Michael Saunders’ Contact Issues

Corner outfield was the biggest weakness of the 2016 Phillies. To solve this problems, the Phillies brought in Howie Kendrick and Michael Saunders. Kendrick has been out with an injury, but Aaron Altherr has continued to provide the Phillies excellent production in left field. In 2016 Phillies right fielders hit .231/.291/.350, and Saunders, even with his second half collapse, hit .253/.338/.478, so he was supposed to be a large upgrade for the Phillies. However, even with 2 home runs in the last week, Saunders is only hitting .253/.286/.391. So when do we panic?

Not now. Saunders is still only 25 games into a season in a new league for a new team, so no one should panic anyway. Saunders also has been scorching the ball of late, so it makes sense that his ISO will climb at least above his career line of .166 from its current .138. That still doesn’t deal with the biggest problem with Saunders’ line—his on base percentage.

Currently, Saunders has a 3.3% walk rate. Saunders has never been known as a free swinger, and he has a career walk rate of 9.3%. His previous 4 seasons have been even better, with walk rates of 11.5%, 9.9%, 13.9%, and 10.6%. What makes this all a bit more confusing is that Saunders is seeing the most pitches per plate appearance of his career, outside of his 36 PA season in 2015.

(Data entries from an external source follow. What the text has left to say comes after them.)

definition periodic_solution ::
  "real \<Rightarrow> (real \<Rightarrow> real) \<Rightarrow> (real \<Rightarrow> real) \<Rightarrow> (real \<Rightarrow> real \<Rightarrow> real) \<Rightarrow> real
    \<Rightarrow> (real \<Rightarrow> real) \<Rightarrow> bool" where
  "periodic_solution T \<phi> f h lam u \<longleftrightarrow>
     (\<exists>u'. C1T T u u' \<and> abs_cont_on 0 T (\<lambda>t. \<phi> (u' t)) \<and>
        (AE t in lebesgue_on {0..T}.
           ((\<lambda>s. \<phi> (u' s)) has_real_derivative
              (- lam * f (u t) * u' t - lam * h t (u t))) (at t within {0..T})))"

end

theory Submission
  imports Defs
begin

text \<open>Integrating the equation over a period kills its first two terms: \<open>(\<phi>(u'))'\<close>
  integrates to \<open>\<phi>(u'(T)) - \<phi>(u'(0)) = 0\<close>, and \<open>f(u)u'\<close> to \<open>F(u(T)) - F(u(0)) = 0\<close> for a
  primitive \<open>F\<close> of \<open>f\<close>. Hence \<open>\<integral>\<^sub>0\<^sup>T h(t,u(t)) dt = 0\<close> for every periodic solution with
  \<open>\<lambda> > 0\<close>, which rules out \<open>min u \<ge> d\<^sub>1\<close> and \<open>max u \<le> -d\<^sub>2\<close>.

  The first integration is the fundamental theorem of calculus for an absolutely continuous
  function that is differentiable off a null set \<open>E\<close>. In its gauge proof, tags outside \<open>E\<close> are
  controlled by the derivative (a straddle estimate), while the intervals tagged in \<open>E\<close> lie in an
  open set of small measure, where absolute continuity makes the increments small.\<close>

lemma negligible_outer_open:
  assumes "negligible E" and "e > 0"
  obtains W where "open W" "E \<subseteq> W" "W \<in> lmeasurable" "measure lebesgue W < e"
proof -
  obtain W where W: "open W" "E \<subseteq> W" "W - E \<in> lmeasurable"
    and small: "emeasure lebesgue (W - E) < ennreal e"
    using sets_lebesgue_outer_open[OF negligible_imp_sets[OF assms(1)] assms(2)] by blast
  have E: "E \<in> lmeasurable" "measure lebesgue E = 0"
    using assms(1) negligible_iff_measure by auto
  have WE: "W = (W - E) \<union> E" using W(2) by blast
  have Wm: "W \<in> lmeasurable" using fmeasurable.Un[OF W(3) E(1)] WE by simp
  have "measure lebesgue (W - E) < e"
    using W(3) small by (metis emeasure_eq_measure2 ennreal_less_iff measure_nonneg)
  then have "measure lebesgue W < e"
    using measure_Un_le[of "W - E" lebesgue E] W(3) E WE by (auto simp: fmeasurable_def)
  with W Wm show thesis using that by blast
qed
definition normalized_partition :: "(region \<Rightarrow> nat) \<Rightarrow> bool" where
  "normalized_partition p \<longleftrightarrow>
     (p Lam1 \<ge> p Lam2 \<and> p Lam1 \<ge> p Lam3 \<and> p Lam1 \<ge> p Lam4)
   \<and> (p Lam1 = p Lam3 \<longrightarrow> p Lam2 \<ge> p Lam4
        \<and> (p Lam2 = p Lam4 \<longrightarrow> p Del1 \<ge> p Del3
             \<and> (p Del1 = p Del3 \<longrightarrow> p Del2 \<ge> p Del4)))
   \<and> (p Lam1 = p Lam2 \<longrightarrow> p Lam3 \<ge> p Lam4
        \<and> (p Lam3 = p Lam4 \<longrightarrow> p Del2 \<ge> p Del4))
   \<and> (p Lam1 = p Lam4 \<longrightarrow> p Lam2 \<ge> p Lam3
        \<and> (p Lam2 = p Lam3 \<longrightarrow> p Del1 \<ge> p Del3))"

definition Bbar :: "nat \<Rightarrow> nat \<Rightarrow> nat \<Rightarrow> (nat \<times> nat) set set" where
  "Bbar k l r = {B \<in> boards k l r. normalized_partition (board_partition k l B)}"

definition boards_with_partition :: "nat \<Rightarrow> nat \<Rightarrow> nat \<Rightarrow> (region \<Rightarrow> nat) \<Rightarrow> (nat \<times> nat) set set" where
  "boards_with_partition k l r p = {B \<in> boards k l r. board_partition k l B = p}"

definition stab_group :: "nat \<Rightarrow> nat \<Rightarrow> nat \<Rightarrow> (region \<Rightarrow> nat) \<Rightarrow> sym set" where
  "stab_group k l r p = {g \<in> HV_group.
     act_board k l g ` boards_with_partition k l r p = boards_with_partition k l r p}"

What has changed in our tiny sample size is that Saunders is swinging more. His percentage of swing on balls outside of the strike zone is up from 26.1% to 30.9%, which means Saunders is seeing fewer balls. He is making contact on those balls at a greatly increased rate (45.9% to 55.1%), which would help explain why he is not striking out as much. Saunders is also swinging at more pitches in the strike zone, and he is also making more contact on those pitches as well (he is up to 90.8% on zone contact).

This all helps explain why his walk rate is so low. Right now he is swinging and putting those balls in play. In an ideal world, pitchers are going to be less willing to give him pitches near the strike zone if he is just going to hit them. But this gets us to part 2 of why Saunders is struggling, one I glossed over earlier. He is making poor contact. Saunders’ ground balls are up, his line drives are down, and his fly balls are stable, except for the fact that he is hitting pop ups twice as much as last year.

Without going back to the film and mapping each PA, it is hard to know if the poor contact comes from making contact with bad pitches, or if he is struggling to square the ball up. What we do know is the low walk rate is almost assuredly unsustainable, given how many pitches he is seeing. It is going to take a larger sample size to know if he is the player he was with the Blue Jays or if he has diminished some in the past 12 months.